What needs to be done – State, as a number alone, how many lines of the entries contain the word "open".

[Collected data]
+ + + + +
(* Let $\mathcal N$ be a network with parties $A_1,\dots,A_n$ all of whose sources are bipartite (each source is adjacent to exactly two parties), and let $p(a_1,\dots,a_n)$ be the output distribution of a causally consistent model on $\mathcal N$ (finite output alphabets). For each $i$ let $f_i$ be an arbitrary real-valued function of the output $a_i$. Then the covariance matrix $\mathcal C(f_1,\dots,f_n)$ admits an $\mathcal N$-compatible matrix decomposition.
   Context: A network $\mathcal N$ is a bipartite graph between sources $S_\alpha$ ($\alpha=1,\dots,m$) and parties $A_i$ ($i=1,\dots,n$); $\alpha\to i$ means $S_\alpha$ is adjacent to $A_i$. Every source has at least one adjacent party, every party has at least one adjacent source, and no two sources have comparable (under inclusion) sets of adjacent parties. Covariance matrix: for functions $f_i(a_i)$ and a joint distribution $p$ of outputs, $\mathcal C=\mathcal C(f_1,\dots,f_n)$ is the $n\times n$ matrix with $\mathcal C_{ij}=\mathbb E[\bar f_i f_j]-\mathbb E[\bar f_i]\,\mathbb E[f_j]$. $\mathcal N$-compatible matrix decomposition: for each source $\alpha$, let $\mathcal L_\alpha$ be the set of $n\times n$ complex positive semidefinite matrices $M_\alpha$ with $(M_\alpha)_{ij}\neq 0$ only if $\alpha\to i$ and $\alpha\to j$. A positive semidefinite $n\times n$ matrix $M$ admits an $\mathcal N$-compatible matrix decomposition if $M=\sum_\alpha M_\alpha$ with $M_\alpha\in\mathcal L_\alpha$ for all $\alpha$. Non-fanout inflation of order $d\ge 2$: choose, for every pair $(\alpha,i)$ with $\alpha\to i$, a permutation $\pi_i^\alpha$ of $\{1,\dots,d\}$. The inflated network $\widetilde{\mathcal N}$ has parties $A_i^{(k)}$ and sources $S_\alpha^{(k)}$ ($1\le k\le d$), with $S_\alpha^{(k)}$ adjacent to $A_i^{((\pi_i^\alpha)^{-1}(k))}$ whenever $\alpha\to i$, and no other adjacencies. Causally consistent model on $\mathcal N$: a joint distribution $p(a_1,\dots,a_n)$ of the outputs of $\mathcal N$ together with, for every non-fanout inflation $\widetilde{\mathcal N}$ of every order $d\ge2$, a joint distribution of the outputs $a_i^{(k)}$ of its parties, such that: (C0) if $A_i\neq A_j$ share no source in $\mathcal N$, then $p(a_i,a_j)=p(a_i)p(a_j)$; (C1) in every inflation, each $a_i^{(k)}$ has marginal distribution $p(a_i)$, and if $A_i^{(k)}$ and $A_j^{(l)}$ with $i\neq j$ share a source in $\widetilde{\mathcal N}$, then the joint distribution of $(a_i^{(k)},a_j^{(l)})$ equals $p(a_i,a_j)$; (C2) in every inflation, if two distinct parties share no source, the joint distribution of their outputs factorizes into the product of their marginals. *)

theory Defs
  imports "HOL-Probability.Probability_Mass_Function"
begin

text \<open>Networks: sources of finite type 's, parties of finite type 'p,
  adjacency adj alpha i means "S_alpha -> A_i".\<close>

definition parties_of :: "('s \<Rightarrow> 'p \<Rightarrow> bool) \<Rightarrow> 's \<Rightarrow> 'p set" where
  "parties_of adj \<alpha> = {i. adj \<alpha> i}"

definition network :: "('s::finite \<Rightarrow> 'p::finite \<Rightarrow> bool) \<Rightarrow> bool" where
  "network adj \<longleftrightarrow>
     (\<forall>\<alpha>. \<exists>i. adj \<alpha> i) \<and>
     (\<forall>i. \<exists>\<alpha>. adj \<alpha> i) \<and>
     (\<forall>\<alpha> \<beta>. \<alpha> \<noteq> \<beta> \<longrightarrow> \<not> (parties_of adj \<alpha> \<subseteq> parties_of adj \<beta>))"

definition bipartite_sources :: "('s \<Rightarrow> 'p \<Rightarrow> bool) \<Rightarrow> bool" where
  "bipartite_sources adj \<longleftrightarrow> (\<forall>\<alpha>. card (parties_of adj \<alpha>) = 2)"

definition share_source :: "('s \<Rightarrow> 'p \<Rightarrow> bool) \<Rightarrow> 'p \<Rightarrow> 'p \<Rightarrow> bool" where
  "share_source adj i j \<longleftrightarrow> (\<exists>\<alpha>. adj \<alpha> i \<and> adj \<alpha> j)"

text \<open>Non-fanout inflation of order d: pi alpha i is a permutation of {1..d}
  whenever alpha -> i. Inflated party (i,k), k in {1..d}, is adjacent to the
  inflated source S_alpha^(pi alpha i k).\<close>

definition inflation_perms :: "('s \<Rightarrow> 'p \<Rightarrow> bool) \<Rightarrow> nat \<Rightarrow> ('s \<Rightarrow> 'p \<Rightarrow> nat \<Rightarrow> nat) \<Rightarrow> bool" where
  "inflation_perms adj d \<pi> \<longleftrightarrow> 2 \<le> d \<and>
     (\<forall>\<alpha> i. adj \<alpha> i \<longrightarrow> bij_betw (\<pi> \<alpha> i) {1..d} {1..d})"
+ + + + +
Result of this exercise – 2